Dive Brief:
- Independent restaurants’ rental delinquencies reached their highest level all year in November, with 46% of owners unable to pay rent, according to a report from Alignable. Many cited rising operating costs and limited cash flow.
- Delinquencies are up 3% compared to October and about 11% compared to November 2023.
- In November, several small restaurants filed for bankruptcy in one week, suggesting financial difficulties continue to plague smaller operations despite some major chains making headway in sales growth this year.
Dive Insight:
This year, restaurants continued to struggle with traffic, which Black Box Intelligence (BBI) said is down 3.3% year-to-date.
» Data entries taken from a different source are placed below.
section \<open>Commutation with classes deep on the right spine\<close>

definition fixes_from :: "nat \<Rightarrow> 'g triple \<Rightarrow> bool" where
  "fixes_from N x \<longleftrightarrow>
     (\<forall>i. N \<le> i \<and> i \<le> leaves (right_tree x) \<longrightarrow> \<rho> (leaves (right_tree x)) (fst (snd x)) i = i)"

text \<open>Slight purity makes g fix the rightmost leaf, and full compatibility keeps all leaves grafted
  below it fixed under further carets there.\<close>

definition tail_expansion :: "'g triple \<Rightarrow> dtree \<Rightarrow> 'g \<Rightarrow> bool" where
  "tail_expansion x S g' \<longleftrightarrow> (case x of (T, g, U) \<Rightarrow>
     expands\<^sup>*\<^sup>* (T, g, U) (graft_last T S, g', graft_last U S) \<and>
     valid (graft_last T S, g', graft_last U S) \<and> fixes_from (leaves U) (graft_last T S, g', graft_last U S))"

lemma expansion_graft_last_fixing:
  assumes vT: "dary d T" "dary d U" "leaves T = leaves U" and dS: "dary d S"
    and v: "valid (graft_last T S, g', graft_last U S)" and f: "fixes_from (leaves U) (graft_last T S, g', graft_last U S)"
    and j: "1 \<le> j" "j \<le> leaves S"
  defines "M \<equiv> leaves (graft_last U S)" and "k \<equiv> leaves U - 1 + j"
  shows "expands (graft_last T S, g', graft_last U S)
           (graft_last T (add_caret d j S), \<kappa> M k g', graft_last U (add_caret d j S))"
    and "fixes_from (leaves U) (graft_last T (add_caret d j S), \<kappa> M k g', graft_last U (add_caret d j S))"
proof -
  let ?N = "leaves U"
  have d0: "0 < d" using d2 by simp
  have N: "1 \<le> ?N" using leaves_gt_0[OF d0 vT(2)] by simp
  have M: "M + 1 = ?N + leaves S" using dary_graft_last(2)[OF d0 vT(2) dS] by (simp add: M_def)
  have k: "k \<in> {1..M}" using N M j by (auto simp: k_def)
  have gc: "g' \<in> carrier (G M)" using v by (simp add: valid_triple_def M_def)
  have fix0: "\<forall>i. ?N \<le> i \<and> i \<le> M \<longrightarrow> \<rho> M g' i = i" using f by (simp add: fixes_from_def right_tree_def M_def)
  then have "\<rho> M g' k = k" using k j by (auto simp: k_def)
  then have e: "expand (graft_last T S, g', graft_last U S) k =
      (graft_last T (add_caret d j S), \<kappa> M k g', graft_last U (add_caret d j S))"
    using add_caret_graft_last_right[OF d0 vT(1) dS j] add_caret_graft_last_right[OF d0 vT(2) dS j] vT(3)
    by (simp add: expand_def M_def k_def)
  have "expands (graft_last T S, g', graft_last U S) (expand (graft_last T S, g', graft_last U S) k)"
    by (rule expansion_expand[OF v]) (use k in \<open>simp add: right_tree_def M_def\<close>)
  with e show "expands (graft_last T S, g', graft_last U S)
      (graft_last T (add_caret d j S), \<kappa> M k g', graft_last U (add_caret d j S))" by simp
  have "leaves (graft_last U (add_caret d j S)) + 1 = ?N + leaves (add_caret d j S)"
    using dary_graft_last(2)[OF d0 vT(2) dary_add_caret(1)[OF dS]] .
  then have M': "leaves (graft_last U (add_caret d j S)) = M + d - 1"
    using j M N d2 by (simp add: leaves_add_caret)
  have "\<rho> (M + d - 1) (\<kappa> M k g') i = i" if "?N \<le> i" "i \<le> M + d - 1" for i
    using rho_kappa[OF _ k gc] clone_perm_fixes_tail[OF fix0, where k = k and i = i and d = d] k that d2 N j
    by (auto simp: k_def)
  then show "fixes_from ?N (graft_last T (add_caret d j S), \<kappa> M k g', graft_last U (add_caret d j S))"
    unfolding fixes_from_def right_tree_def using M' by simp
qed

lemma tail_expansion_add_caret:
  assumes v: "valid (T, g, U)" and r: "tail_expansion (T, g, U) S g'" and dS: "dary d S"
    and p: "1 \<le> p" "p \<le> leaves S"
  shows "tail_expansion (T, g, U) (add_caret d p S) (\<kappa> (leaves (graft_last U S)) (leaves U - 1 + p) g')"
proof -
  have vT: "dary d T" "dary d U" "leaves T = leaves U" using v by (auto simp: valid_triple_def)
  have r': "expands\<^sup>*\<^sup>* (T, g, U) (graft_last T S, g', graft_last U S)"
    "valid (graft_last T S, g', graft_last U S)"
    "fixes_from (leaves U) (graft_last T S, g', graft_last U S)" using r by (auto simp: tail_expansion_def)
  note e = expansion_graft_last_fixing[OF vT dS r'(2,3) p]
  show ?thesis
    unfolding tail_expansion_def
      using r'(1) e valid_expansion[OF e(1)] by (auto intro: rtranclp.rtrancl_into_rtrancl)
qed

lemma tail_expansion_Lf: "valid (T, g, U) \<Longrightarrow> tail_expansion (T, g, U) Lf g"
proof -
  assume v: "valid (T, g, U)"
  have "\<rho> (leaves U) g (leaves U) = leaves U"
    using rho_fixes_last[OF valid_leaves_ge_1[OF v]] v by (simp add: valid_triple_def)
  then have "fixes_from (leaves U) (T, g, U)" by (auto simp: fixes_from_def right_tree_def)
  then show ?thesis using v by (simp add: tail_expansion_def graft_last_Lf)
qed

text \<open>Uniformity: the carets added at leaves p and \<open>p + d - 1\<close> of a new caret give the same group element.\<close>

lemma tail_expansion_uniform:
  assumes v: "valid (T, g, U)" and r: "tail_expansion (T, g, U) S g'" and dS: "dary d S"
    and p: "1 \<le> p" "p \<le> leaves S"
  shows "\<exists>g1. tail_expansion (T, g, U) (add_caret d p (add_caret d p S)) g1 \<and>
              tail_expansion (T, g, U) (add_caret d (p + d - 1) (add_caret d p S)) g1"
proof -
  let ?N = "leaves U" and ?M = "leaves (graft_last U S)" and ?k = "leaves U - 1 + p"
  let ?S' = "add_caret d p S" and ?g'' = "\<kappa> ?M ?k g'"
  have d0: "0 < d" using d2 by simp
  have vT: "dary d T" "dary d U" "leaves T = leaves U" using v by (auto simp: valid_triple_def)
  have N: "1 \<le> ?N" using leaves_gt_0[OF d0 vT(2)] by simp
  have M: "?M + 1 = ?N + leaves S" using dary_graft_last(2)[OF d0 vT(2) dS] .
  have r1: "tail_expansion (T, g, U) ?S' ?g''" using tail_expansion_add_caret[OF v r dS p] .
  have dS': "dary d ?S'" using dS by (rule dary_add_caret)
  have lS': "leaves ?S' = leaves S + d - 1" using p by (simp add: leaves_add_caret)
  have "leaves (graft_last U ?S') + 1 = ?N + leaves ?S'" using dary_graft_last(2)[OF d0 vT(2) dS'] .
  then have M': "leaves (graft_last U ?S') = ?M + d - 1" using lS' M N d2 by arith
  have p2: "1 \<le> p + d - 1" "p + d - 1 \<le> leaves ?S'" "p \<le> leaves ?S'" using p lS' d2 by auto
  have gc: "g' \<in> carrier (G ?M)" using r by (simp add: tail_expansion_def valid_triple_def)
  have k: "?k \<in> {1..?M}" using M N p by auto
  have "\<kappa> (?M + d - 1) ?k ?g'' = \<kappa> (?M + d - 1) (?k + d - 1) ?g''"
    by (rule kappa_kappa_uniform[OF _ k _ _ _ gc]) (use k d2 in auto)
  moreover have "?N - 1 + (p + d - 1) = ?k + d - 1" using N p d2 by simp
  ultimately show ?thesis
    using tail_expansion_add_caret[OF v r1 dS' p(1) p2(3)] tail_expansion_add_caret[OF v r1 dS' p2(1,2)] M'
    by auto
qed

lemma tail_expansion_rcomb: "valid (T, g, U) \<Longrightarrow> \<exists>g'. tail_expansion (T, g, U) (rcomb d j Lf) g'"
proof (induction j)
  case 0
  then show ?case using tail_expansion_Lf by auto
next
  case (Suc j)
  then obtain g' where r: "tail_expansion (T, g, U) (rcomb d j Lf) g'" by blast
  have "tail_expansion (T, g, U) (add_caret d (j * (d - 1) + 1) (rcomb d j Lf))
      (\<kappa> (leaves (graft_last U (rcomb d j Lf))) (leaves U - 1 + (j * (d - 1) + 1)) g')"
    by (rule tail_expansion_add_caret[OF Suc.prems r]) (use d2 in \<open>simp_all add: dary_rcomb leaves_rcomb\<close>)
  moreover have "1 \<le> d" using d2 by simp
  ultimately show ?case using rcomb_Suc_Lf[of d j] by auto
qed

lemma tail_expansion_spine_tree_Lf: "valid (T, g, U) \<Longrightarrow> \<exists>g'. tail_expansion (T, g, U) (spine_tree d j Lf) g'"
  using tail_expansion_rcomb[of T g U "Suc j"] spine_tree_Lf by simp

lemma add_caret_spine_tree_Lf: "add_caret d (j * (d - 1) + 1) (spine_tree d j Lf)
    = spine_tree d j (caret d)"
  using add_caret_spine_tree[of 1 Lf d j] by (simp add: caret_def)

lemma tail_expansion_seq_a_trees:
  assumes v: "valid (T, g, U)"
  shows "\<exists>g1. tail_expansion (T, g, U) (spine_tree d j (caret_first d)) g1 \<and>
              tail_expansion (T, g, U) (spine_tree d j (caret_last d)) g1"
proof -
  obtain g0 where r0: "tail_expansion (T, g, U) (spine_tree d j Lf) g0"
    using tail_expansion_spine_tree_Lf[OF v] by blast
  let ?p = "j * (d - 1) + 1"
  have dw: "dary d (spine_tree d j Lf)" using dary_spine_tree d2 by simp
  have p: "1 \<le> ?p" "?p \<le> leaves (spine_tree d j Lf)" by (simp_all add: leaves_spine_tree)
  have "add_caret d ?p (spine_tree d j (caret d)) = spine_tree d j (caret_first d)"
    using add_caret_spine_tree[of 1 "caret d" d j] add_caret_caret_1[OF d2] d2 by simp
  moreover have "add_caret d (?p + d - 1) (spine_tree d j (caret d)) = spine_tree d j (caret_last d)"
    using add_caret_spine_tree[of d "caret d" d j] add_caret_caret_d[OF d2] d2 by (simp add: algebra_simps)
  ultimately show ?thesis using tail_expansion_uniform[OF v r0 dw p] add_caret_spine_tree_Lf by simp
qed

lemma tail_expansion_seq_b_trees:
  assumes v: "valid (T, g, U)"
  shows "\<exists>g1. tail_expansion (T, g, U) (spine_tree d j (rcomb d 1 (caret_first d))) g1 \<and>
              tail_expansion (T, g, U) (spine_tree d j (rcomb d 1 (caret_last d))) g1"
proof -
  obtain g0 where r0: "tail_expansion (T, g, U) (spine_tree d j Lf) g0"
    using tail_expansion_spine_tree_Lf[OF v] by blast
  have "tail_expansion (T, g, U) (add_caret d (j * (d - 1) + 1) (spine_tree d j Lf))
      (\<kappa> (leaves (graft_last U (spine_tree d j Lf))) (leaves U - 1 + (j * (d - 1) + 1)) g0)"
    by (rule tail_expansion_add_caret[OF v r0 dary_spine_tree[OF d2]]) (simp_all add: leaves_spine_tree)
  then obtain g2 where r2: "tail_expansion (T, g, U) (spine_tree d j (caret d)) g2"
    unfolding add_caret_spine_tree_Lf by blast
  let ?q = "j * (d - 1) + d"
  have dwc: "dary d (spine_tree d j (caret d))" using dary_spine_tree dary_caret d2 by simp
  have q: "1 \<le> ?q" "?q \<le> leaves (spine_tree d j (caret d))" using d2 by (auto simp: leaves_spine_tree)
  have "add_caret d ?q (spine_tree d j (caret d)) = spine_tree d j (caret_last d)"
    using add_caret_spine_tree[of d "caret d" d j] add_caret_caret_d[OF d2] d2 by simp
  moreover have "add_caret d ?q (spine_tree d j (caret_last d))
      = spine_tree d j (rcomb d 1 (caret_first d))"
    using add_caret_spine_tree[of d "caret_last d" d j] add_caret_caret_last_d[OF d2] d2 by simp
  moreover have "?q + d - 1 = j * (d - 1) + (2 * d - 1)" using d2 by simp
  then have "add_caret d (?q + d - 1) (spine_tree d j (caret_last d))
      = spine_tree d j (rcomb d 1 (caret_last d))"
    using add_caret_spine_tree[of "2 * d - 1" "caret_last d" d j] add_caret_caret_last_last[OF d2] d2
      by simp
  ultimately show ?thesis using tail_expansion_uniform[OF v r2 dwc q] by simp
qed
Comparable sales are also down 0.5% year-to-date. BBI predicts 2025 comparable traffic will likely decline by about 2.9%, with comparable sales roughly flat.
It is likely many of the challenges from 2024 — like consumer price sensitivity and rising food costs — will persist into 2025.
A majority of restaurant operators, 88%, surveyed by Restaurant 365 said labor costs increased this year, according to Restaurant 365’s 2025 State of the Restaurant Industry Report. Of those who said their labor costs rose, 51% reported an increase between 1% and 5%, while 41% said labor costs were up 6% to 14%. Bureau of Labor statistics data indicates that labor costs are fairly steady at the aggregate level.
“These financial pressures are often insurmountable for businesses with limited cash reserves, and many of these establishments will need to see an upturn in the coming months,” wrote Chuck Casto, Alignable’s head of research and news.
Independent restaurants aren’t alone in struggling to stay open: Major chains have been facing bankruptcies and unit closures, including Red Lobster, TGI Fridays, Buca Di Beppo and Rubio’s. Casual chains like Denny’s, Bloomin’ Brands and Hooters have closed scores of underperforming locations.